Which lines of the data contain the string "imports"? Show each of them.

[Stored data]
# # # # #
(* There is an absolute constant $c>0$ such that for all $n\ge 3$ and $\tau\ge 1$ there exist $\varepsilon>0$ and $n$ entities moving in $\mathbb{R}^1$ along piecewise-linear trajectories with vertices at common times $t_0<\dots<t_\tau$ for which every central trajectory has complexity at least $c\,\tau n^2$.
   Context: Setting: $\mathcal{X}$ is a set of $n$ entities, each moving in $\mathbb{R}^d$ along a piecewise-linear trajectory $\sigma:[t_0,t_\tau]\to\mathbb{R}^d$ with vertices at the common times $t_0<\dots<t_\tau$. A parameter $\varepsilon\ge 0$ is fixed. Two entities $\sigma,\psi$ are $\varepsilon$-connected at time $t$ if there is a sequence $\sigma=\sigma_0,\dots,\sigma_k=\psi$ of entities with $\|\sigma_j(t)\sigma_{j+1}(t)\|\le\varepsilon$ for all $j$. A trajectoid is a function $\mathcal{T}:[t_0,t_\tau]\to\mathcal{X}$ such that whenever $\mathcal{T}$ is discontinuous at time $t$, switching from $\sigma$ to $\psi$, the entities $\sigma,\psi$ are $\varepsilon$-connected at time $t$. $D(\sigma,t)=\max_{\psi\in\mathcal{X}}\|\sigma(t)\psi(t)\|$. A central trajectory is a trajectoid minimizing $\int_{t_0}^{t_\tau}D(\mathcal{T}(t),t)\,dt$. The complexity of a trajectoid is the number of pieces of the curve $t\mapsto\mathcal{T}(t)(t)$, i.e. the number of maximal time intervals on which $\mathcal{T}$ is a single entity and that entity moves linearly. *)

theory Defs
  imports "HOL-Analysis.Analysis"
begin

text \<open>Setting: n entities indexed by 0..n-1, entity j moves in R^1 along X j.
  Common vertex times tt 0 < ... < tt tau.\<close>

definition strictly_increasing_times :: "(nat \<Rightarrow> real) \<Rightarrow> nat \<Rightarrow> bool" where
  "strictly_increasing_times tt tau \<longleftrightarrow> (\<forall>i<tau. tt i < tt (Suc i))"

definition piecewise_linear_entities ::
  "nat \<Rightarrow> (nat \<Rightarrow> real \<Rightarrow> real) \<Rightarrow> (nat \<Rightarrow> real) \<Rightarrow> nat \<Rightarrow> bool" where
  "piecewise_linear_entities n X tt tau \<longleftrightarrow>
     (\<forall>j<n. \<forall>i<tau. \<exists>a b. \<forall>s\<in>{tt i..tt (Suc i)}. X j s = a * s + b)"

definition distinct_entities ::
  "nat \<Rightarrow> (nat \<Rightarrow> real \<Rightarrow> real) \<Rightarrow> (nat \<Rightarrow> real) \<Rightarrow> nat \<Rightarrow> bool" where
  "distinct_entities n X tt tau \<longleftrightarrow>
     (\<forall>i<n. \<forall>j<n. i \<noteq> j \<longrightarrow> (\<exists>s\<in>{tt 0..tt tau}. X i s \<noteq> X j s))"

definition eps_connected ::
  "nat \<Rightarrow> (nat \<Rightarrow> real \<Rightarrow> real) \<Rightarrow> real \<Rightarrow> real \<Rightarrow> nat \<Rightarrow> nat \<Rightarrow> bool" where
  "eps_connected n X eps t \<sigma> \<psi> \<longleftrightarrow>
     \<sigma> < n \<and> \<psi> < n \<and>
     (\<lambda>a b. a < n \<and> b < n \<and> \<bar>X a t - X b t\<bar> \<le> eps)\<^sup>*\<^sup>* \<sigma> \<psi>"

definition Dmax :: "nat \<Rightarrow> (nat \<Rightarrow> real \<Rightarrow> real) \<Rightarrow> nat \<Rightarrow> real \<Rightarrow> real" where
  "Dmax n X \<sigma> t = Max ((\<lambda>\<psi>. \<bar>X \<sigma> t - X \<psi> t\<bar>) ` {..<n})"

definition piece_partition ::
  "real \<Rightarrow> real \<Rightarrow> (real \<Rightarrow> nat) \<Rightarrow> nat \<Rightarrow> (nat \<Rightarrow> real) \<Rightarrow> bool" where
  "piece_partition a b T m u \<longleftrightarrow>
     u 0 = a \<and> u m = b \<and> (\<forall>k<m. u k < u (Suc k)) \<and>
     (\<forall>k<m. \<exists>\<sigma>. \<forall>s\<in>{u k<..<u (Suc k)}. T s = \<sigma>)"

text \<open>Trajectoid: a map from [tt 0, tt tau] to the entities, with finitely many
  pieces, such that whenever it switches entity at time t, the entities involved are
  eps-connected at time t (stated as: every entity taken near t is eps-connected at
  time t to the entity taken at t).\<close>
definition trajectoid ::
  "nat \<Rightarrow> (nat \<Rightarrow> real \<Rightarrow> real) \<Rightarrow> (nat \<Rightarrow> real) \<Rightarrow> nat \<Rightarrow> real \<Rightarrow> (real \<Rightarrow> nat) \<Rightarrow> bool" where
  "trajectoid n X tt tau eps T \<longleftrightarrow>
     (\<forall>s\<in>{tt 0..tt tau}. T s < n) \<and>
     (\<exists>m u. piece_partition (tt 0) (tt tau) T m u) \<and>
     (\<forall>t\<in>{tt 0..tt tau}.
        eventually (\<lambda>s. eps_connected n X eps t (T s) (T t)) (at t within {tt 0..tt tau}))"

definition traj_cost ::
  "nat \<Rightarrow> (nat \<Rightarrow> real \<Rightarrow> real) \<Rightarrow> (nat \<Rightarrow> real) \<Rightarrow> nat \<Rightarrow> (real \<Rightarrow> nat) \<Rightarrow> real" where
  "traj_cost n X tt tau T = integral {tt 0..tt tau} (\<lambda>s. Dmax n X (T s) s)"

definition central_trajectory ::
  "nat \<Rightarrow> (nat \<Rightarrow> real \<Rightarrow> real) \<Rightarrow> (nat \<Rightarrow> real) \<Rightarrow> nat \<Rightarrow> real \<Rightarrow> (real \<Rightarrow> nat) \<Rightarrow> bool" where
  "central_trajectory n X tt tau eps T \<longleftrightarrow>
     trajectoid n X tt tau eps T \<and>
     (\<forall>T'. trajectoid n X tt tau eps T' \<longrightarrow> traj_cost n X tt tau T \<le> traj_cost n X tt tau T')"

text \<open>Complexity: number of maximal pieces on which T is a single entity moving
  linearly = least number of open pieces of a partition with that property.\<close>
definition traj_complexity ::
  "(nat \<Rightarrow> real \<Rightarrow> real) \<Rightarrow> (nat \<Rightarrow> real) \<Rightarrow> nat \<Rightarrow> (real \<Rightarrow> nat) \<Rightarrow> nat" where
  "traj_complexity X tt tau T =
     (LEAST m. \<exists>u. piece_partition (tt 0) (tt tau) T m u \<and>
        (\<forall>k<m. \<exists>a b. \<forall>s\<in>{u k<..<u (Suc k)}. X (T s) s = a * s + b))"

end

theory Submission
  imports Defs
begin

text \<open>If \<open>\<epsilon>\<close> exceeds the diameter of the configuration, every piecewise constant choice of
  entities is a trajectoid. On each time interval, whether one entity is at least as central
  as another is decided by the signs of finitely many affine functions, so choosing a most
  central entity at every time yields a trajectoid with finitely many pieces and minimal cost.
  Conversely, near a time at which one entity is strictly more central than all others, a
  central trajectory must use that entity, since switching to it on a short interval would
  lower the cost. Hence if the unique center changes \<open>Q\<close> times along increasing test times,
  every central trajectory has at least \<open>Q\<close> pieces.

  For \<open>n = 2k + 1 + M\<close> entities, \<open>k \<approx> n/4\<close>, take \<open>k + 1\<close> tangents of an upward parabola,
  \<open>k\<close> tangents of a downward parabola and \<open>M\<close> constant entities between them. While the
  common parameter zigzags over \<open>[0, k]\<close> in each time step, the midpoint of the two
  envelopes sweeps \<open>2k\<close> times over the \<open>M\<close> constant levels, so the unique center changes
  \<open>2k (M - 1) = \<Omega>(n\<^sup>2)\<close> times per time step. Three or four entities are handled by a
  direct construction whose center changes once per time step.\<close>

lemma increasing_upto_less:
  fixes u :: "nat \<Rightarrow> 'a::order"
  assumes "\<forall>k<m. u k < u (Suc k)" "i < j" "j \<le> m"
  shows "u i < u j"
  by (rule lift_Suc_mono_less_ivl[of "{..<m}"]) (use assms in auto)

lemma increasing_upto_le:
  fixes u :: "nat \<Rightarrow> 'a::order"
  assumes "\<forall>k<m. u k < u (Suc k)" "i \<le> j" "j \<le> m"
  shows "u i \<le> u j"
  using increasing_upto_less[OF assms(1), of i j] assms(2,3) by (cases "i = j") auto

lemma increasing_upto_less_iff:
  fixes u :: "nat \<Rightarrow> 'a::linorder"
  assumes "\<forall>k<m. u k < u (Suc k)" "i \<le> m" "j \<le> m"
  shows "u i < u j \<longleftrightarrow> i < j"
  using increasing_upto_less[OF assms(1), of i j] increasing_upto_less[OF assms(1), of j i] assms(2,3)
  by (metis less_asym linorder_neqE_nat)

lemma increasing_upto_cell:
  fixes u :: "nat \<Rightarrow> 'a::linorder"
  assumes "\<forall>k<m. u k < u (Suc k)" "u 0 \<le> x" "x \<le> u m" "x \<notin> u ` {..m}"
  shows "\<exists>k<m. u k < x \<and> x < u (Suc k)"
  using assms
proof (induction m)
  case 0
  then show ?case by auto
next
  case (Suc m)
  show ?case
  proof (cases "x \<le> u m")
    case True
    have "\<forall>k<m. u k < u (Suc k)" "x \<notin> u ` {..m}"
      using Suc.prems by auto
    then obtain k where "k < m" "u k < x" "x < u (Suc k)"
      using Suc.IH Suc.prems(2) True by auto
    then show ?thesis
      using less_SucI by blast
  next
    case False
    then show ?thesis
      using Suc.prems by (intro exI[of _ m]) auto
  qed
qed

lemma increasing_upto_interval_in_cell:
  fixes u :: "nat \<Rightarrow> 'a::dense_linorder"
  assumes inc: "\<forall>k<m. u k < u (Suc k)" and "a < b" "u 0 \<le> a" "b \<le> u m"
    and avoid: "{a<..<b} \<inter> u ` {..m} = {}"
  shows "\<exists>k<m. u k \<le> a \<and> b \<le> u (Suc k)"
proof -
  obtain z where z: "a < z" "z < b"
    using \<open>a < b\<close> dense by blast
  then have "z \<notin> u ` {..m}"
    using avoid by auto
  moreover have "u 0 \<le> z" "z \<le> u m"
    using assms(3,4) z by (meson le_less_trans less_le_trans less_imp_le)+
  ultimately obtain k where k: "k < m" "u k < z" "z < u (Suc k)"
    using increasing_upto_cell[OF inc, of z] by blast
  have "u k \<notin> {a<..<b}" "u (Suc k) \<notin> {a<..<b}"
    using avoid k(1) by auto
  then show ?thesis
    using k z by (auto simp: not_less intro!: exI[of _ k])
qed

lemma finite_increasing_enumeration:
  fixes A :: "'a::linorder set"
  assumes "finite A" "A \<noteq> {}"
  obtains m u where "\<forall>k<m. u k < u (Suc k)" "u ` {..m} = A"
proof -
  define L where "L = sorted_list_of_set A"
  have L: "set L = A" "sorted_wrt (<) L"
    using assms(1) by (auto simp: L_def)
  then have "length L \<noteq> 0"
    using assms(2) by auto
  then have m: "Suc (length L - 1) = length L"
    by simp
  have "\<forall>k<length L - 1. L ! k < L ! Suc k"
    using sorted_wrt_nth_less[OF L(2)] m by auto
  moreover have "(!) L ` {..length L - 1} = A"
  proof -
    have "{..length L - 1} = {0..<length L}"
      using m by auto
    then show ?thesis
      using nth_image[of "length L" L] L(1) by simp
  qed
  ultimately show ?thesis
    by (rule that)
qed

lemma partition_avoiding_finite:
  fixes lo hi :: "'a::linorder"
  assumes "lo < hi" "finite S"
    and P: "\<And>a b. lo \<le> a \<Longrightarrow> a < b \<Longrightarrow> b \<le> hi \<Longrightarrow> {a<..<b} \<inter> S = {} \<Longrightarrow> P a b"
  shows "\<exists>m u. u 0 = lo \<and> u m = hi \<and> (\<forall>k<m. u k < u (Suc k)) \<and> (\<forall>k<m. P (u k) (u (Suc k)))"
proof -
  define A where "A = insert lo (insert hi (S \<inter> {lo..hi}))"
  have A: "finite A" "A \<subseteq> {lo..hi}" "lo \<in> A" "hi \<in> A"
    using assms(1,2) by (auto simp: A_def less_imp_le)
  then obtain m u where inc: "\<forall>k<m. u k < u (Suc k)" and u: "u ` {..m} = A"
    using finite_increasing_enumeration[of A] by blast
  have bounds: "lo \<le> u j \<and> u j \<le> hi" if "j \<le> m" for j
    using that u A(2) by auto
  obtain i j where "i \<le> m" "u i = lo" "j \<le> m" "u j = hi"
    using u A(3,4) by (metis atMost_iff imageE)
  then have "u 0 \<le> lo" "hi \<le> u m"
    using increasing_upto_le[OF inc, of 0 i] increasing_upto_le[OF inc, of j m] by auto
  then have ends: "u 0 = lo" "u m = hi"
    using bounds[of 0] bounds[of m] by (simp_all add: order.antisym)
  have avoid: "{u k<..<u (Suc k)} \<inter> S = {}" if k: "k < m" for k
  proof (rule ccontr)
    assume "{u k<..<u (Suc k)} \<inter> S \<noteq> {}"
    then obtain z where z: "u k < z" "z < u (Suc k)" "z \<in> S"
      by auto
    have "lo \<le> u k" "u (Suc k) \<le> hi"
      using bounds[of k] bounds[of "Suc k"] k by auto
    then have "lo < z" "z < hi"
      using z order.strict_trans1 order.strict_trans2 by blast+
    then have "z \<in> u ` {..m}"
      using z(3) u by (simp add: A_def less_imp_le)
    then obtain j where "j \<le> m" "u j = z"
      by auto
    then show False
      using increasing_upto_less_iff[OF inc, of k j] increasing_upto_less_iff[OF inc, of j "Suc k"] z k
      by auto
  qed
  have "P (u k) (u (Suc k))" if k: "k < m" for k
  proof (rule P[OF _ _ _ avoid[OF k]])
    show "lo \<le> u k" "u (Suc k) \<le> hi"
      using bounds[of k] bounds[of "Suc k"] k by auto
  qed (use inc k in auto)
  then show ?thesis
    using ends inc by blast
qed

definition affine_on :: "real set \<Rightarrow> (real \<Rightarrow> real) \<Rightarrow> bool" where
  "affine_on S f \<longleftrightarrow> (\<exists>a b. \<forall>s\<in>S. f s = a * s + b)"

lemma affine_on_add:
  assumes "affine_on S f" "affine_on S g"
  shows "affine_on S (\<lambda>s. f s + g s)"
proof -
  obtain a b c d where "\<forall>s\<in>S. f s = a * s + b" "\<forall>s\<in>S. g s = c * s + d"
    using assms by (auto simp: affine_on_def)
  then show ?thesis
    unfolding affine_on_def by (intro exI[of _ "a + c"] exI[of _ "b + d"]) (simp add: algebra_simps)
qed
# # # # #
Answer for the task —
  imports "HOL-Analysis.Analysis"
  imports Defs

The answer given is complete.